A recent study was conducted to investigate the association among non-insulin-dependent diabetes, bone mineral density (BMD), and cardiovascular risk factors. The results indicate that diabetic women have a higher bone mineral density than the controls, and there is no relationship between osteoporosis and cardiovascular risk factors in diabetics.
It has generally so far been believed that Type II diabetics have bone mass alterations and may have a higher risk of hip fractures. They also are believed to have increased cardiovascular risk factors
The news published in the November-December issue of Journal of Diabetes. For the study, 92 patients (36 males and 56 females) were studied and cardiovascular risk factors were measured: total cholesterol, triglycerides, lipoprotein(a), low-density lipoprotein cholesterol (LDL-C), high-density lipoprotein cholesterol (HDL-C), glucose, HbA1c, and microalbuminuria.
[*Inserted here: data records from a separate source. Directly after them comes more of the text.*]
text \<open>The judgement \<open>J\<close> of the unsubstituted term is a parameter, instantiated by
  \<open>\<lambda>\<Gamma>. tderiv \<Gamma> t\<close> and \<open>\<lambda>\<Gamma>. mderiv \<Gamma> t\<close>, so that term and multi-type judgements split alike.\<close>

definition anti_subst ::
  "(ctx \<Rightarrow> 'a \<Rightarrow> nat \<Rightarrow> nat \<Rightarrow> nat \<Rightarrow> nat \<Rightarrow> bool) \<Rightarrow> var \<Rightarrow> trm \<Rightarrow>
   ctx \<Rightarrow> 'a \<Rightarrow> nat \<Rightarrow> nat \<Rightarrow> nat \<Rightarrow> nat \<Rightarrow> bool" where
  "anti_subst J x u G s b e m f \<longleftrightarrow> (\<exists>Gt Gu A bt bu et eu mt mu ft fu.
     Gt x = {#} \<and> J (ctx_ext Gt x A) s bt et mt ft \<and> mderiv Gu u A bu eu mu fu \<and>
     b = bt + bu \<and> e = et + eu \<and> m = mt + mu \<and> f = ft + fu \<and> G = Gt \<and>\<^sub>c Gu)"

lemma anti_substI:
  "Gt x = {#} \<Longrightarrow> J (ctx_ext Gt x A) s bt et mt ft \<Longrightarrow> mderiv Gu u A bu eu mu fu \<Longrightarrow>
   b = bt + bu \<Longrightarrow> e = et + eu \<Longrightarrow> m = mt + mu \<Longrightarrow> f = ft + fu \<Longrightarrow> G = Gt \<and>\<^sub>c Gu \<Longrightarrow>
   anti_subst J x u G s b e m f"
  unfolding anti_subst_def by blast

lemma anti_substE:
  assumes "anti_subst J x u G s b e m f"
  obtains Gt Gu A bt bu et eu mt mu ft fu where
    "Gt x = {#}" "J (ctx_ext Gt x A) s bt et mt ft" "mderiv Gu u A bu eu mu fu"
    "b = bt + bu" "e = et + eu" "m = mt + mu" "f = ft + fu" "G = Gt \<and>\<^sub>c Gu"
  using assms unfolding anti_subst_def by blast

lemma anti_subst_trivial:
  assumes "J G s b e m f" and "G x = {#}"
  shows "anti_subst J x u G s b e m f"
proof (rule anti_substI[where J = J and Gt = G and Gu = empty_ctx and A = "{#}",
      OF \<open>G x = {#}\<close> _ tderiv_mderiv.many_empty])
  have "ctx_ext G x {#} = G"
    using \<open>G x = {#}\<close> by (auto simp: ctx_ext_def)
  with assms(1) show "J (ctx_ext G x {#}) s b e m f"
    by simp
qed simp_all

lemma anti_subst_unary:
  assumes "anti_subst J x u G s b e m f"
    and "\<And>\<Gamma> b e m f. J \<Gamma> s b e m f \<Longrightarrow> J' \<Gamma> s' (b + kb) (e + ke) (m + km) (f + kf)"
  shows "anti_subst J' x u G s' (b + kb) (e + ke) (m + km) (f + kf)"
  using assms(1)
proof (rule anti_substE)
  fix Gt Gu A bt bu et eu mt mu ft fu
  assume "Gt x = {#}" "J (ctx_ext Gt x A) s bt et mt ft" "mderiv Gu u A bu eu mu fu"
    and "b = bt + bu" "e = et + eu" "m = mt + mu" "f = ft + fu" "G = Gt \<and>\<^sub>c Gu"
  then show ?thesis
    by (intro anti_substI[where J = J', OF _ assms(2)]) auto
qed

lemma anti_subst_binary:
  assumes "anti_subst J1 x u G1 s1 b1 e1 m1 f1" and "anti_subst J2 x u G2 s2 b2 e2 m2 f2"
    and "\<And>\<Gamma>1 \<Gamma>2 b1 e1 m1 f1 b2 e2 m2 f2.
           J1 \<Gamma>1 s1 b1 e1 m1 f1 \<Longrightarrow> J2 \<Gamma>2 s2 b2 e2 m2 f2 \<Longrightarrow>
           J (\<Gamma>1 \<and>\<^sub>c \<Gamma>2) s (b1 + b2) (e1 + e2) (m1 + m2) (f1 + f2)"
  shows "anti_subst J x u (G1 \<and>\<^sub>c G2) s (b1 + b2) (e1 + e2) (m1 + m2) (f1 + f2)"
proof -
  obtain Gt1 Gu1 A1 bt1 bu1 et1 eu1 mt1 mu1 ft1 fu1 where 1:
    "Gt1 x = {#}" "J1 (ctx_ext Gt1 x A1) s1 bt1 et1 mt1 ft1" "mderiv Gu1 u A1 bu1 eu1 mu1 fu1"
    "b1 = bt1 + bu1" "e1 = et1 + eu1" "m1 = mt1 + mu1" "f1 = ft1 + fu1" "G1 = Gt1 \<and>\<^sub>c Gu1"
    using assms(1) by (rule anti_substE)
  obtain Gt2 Gu2 A2 bt2 bu2 et2 eu2 mt2 mu2 ft2 fu2 where 2:
    "Gt2 x = {#}" "J2 (ctx_ext Gt2 x A2) s2 bt2 et2 mt2 ft2" "mderiv Gu2 u A2 bu2 eu2 mu2 fu2"
    "b2 = bt2 + bu2" "e2 = et2 + eu2" "m2 = mt2 + mu2" "f2 = ft2 + fu2" "G2 = Gt2 \<and>\<^sub>c Gu2"
    using assms(2) by (rule anti_substE)
  have "J (ctx_ext (Gt1 \<and>\<^sub>c Gt2) x (A1 + A2)) s (bt1 + bt2) (et1 + et2) (mt1 + mt2) (ft1 + ft2)"
    using assms(3)[OF 1(2) 2(2)] by (simp add: ctx_ext_union 1(1) 2(1))
  moreover have "(Gt1 \<and>\<^sub>c Gt2) x = {#}"
    using 1(1) 2(1) by (simp add: ctx_union_def)
  moreover have "G1 \<and>\<^sub>c G2 = (Gt1 \<and>\<^sub>c Gt2) \<and>\<^sub>c (Gu1 \<and>\<^sub>c Gu2)"
    using 1(8) 2(8) by (auto simp: ctx_union_def)
  ultimately show ?thesis
    by (intro anti_substI[where J = J, OF _ _ mderiv_add[OF 1(3) 2(3)]])
      (simp_all add: 1(4-7) 2(4-7))
qed

text \<open>Keeping \<open>restrict \<Gamma>' p\<close> fixed keeps the pattern derivation of an abstraction or
  matching rule applicable after splitting.\<close>

definition discharge ::
  "(ctx \<Rightarrow> 'a \<Rightarrow> nat \<Rightarrow> nat \<Rightarrow> nat \<Rightarrow> nat \<Rightarrow> bool) \<Rightarrow> pat \<Rightarrow> ctx \<Rightarrow>
   ctx \<Rightarrow> 'a \<Rightarrow> nat \<Rightarrow> nat \<Rightarrow> nat \<Rightarrow> nat \<Rightarrow> bool" where
  "discharge J p G \<Gamma> s b e m f \<longleftrightarrow>
     (\<exists>\<Gamma>'. \<Gamma> = remove \<Gamma>' p \<and> restrict \<Gamma>' p = restrict G p \<and> J \<Gamma>' s b e m f)"

lemma anti_subst_remove:
  assumes "anti_subst J x u G s b e m f" and "x \<notin> pvars p" and "pvars p \<inter> fv u = {}"
  shows "anti_subst (discharge J p G) x u (remove G p) s b e m f"
  using assms(1)
proof (rule anti_substE)
  fix Gt Gu A bt bu et eu mt mu ft fu
  assume split: "Gt x = {#}" "J (ctx_ext Gt x A) s bt et mt ft" "mderiv Gu u A bu eu mu fu"
    "b = bt + bu" "e = et + eu" "m = mt + mu" "f = ft + fu" "G = Gt \<and>\<^sub>c Gu"
  have "ctx_dom Gu \<inter> pvars p = {}"
    using ctx_dom_subset_fv(2)[OF split(3)] assms(3) by blast
  then have "\<And>y. y \<in> pvars p \<Longrightarrow> Gu y = {#}"
    by (auto simp: ctx_dom_def)
  with split(1,8) assms(2) have
    "ctx_ext (remove Gt p) x A = remove (ctx_ext Gt x A) p"
    "restrict (ctx_ext Gt x A) p = restrict G p"
    "remove G p = remove Gt p \<and>\<^sub>c Gu"
    "remove Gt p x = {#}"
    by (auto simp: fun_eq_iff restrict_def remove_def ctx_ext_def ctx_union_def)
  with split show ?thesis
    by (intro anti_substI[where Gt = "remove Gt p" and Gu = Gu and A = A])
      (auto simp: discharge_def)
qed

lemma anti_subst_var:
  assumes "tderiv G u s b e m f"
  shows "anti_subst (\<lambda>\<Gamma>. tderiv \<Gamma> (Var x)) x u G s b e m f"
proof -
  have "ctx_ext empty_ctx x {#s#} = single_ctx x {#s#}"
    by (auto simp: fun_eq_iff ctx_ext_def empty_ctx_def single_ctx_def)
  then have "tderiv (ctx_ext empty_ctx x {#s#}) (Var x) s 0 0 0 0"
    by (simp add: tderiv_mderiv.ax)
  moreover have "mderiv G u {#s#} b e m f"
    using tderiv_mderiv.many_add[OF assms tderiv_mderiv.many_empty] by simp
  moreover have "empty_ctx x = {#}"
    by (simp add: empty_ctx_def)
  ultimately show ?thesis
    by (intro anti_substI) auto
qed

lemma anti_subst_fresh:
  assumes "tderiv G t s b e m f" and "x \<notin> fv t"
  shows "anti_subst (\<lambda>\<Gamma>. tderiv \<Gamma> t) x u G s b e m f"
proof (rule anti_subst_trivial)
  show "G x = {#}"
    using ctx_dom_subset_fv(1)[OF assms(1)] assms(2) by (auto simp: ctx_dom_def)
qed (rule assms(1))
The densitometric studies were carried out in the calcaneal region using a DEXA densitometer. The diabetic women had a higher BMD than the control group. The women showed a positive relationship between BMD and triglycerides and a negative relationship with HDL-C. The men had a BMD similar to that of the control group, and there was no relationship with the cardiovascular risk factors.
When a multivariate logistic regression analysis was performed with the presence of osteoporosis as a dependent variable and each lipid level, age, sex, and BMI as independent variables, only age and BMI were found to be associated with the presence of osteoporosis.
This study provides evidence for an association between non-insulin-dependent diabetes and elevated bone density at the calcaneal region in women.
The authors conclude from the study that the diabetic women had a higher BMD than the controls, and there was no relationship between osteoporosis and cardiovascular risk factors in diabetics.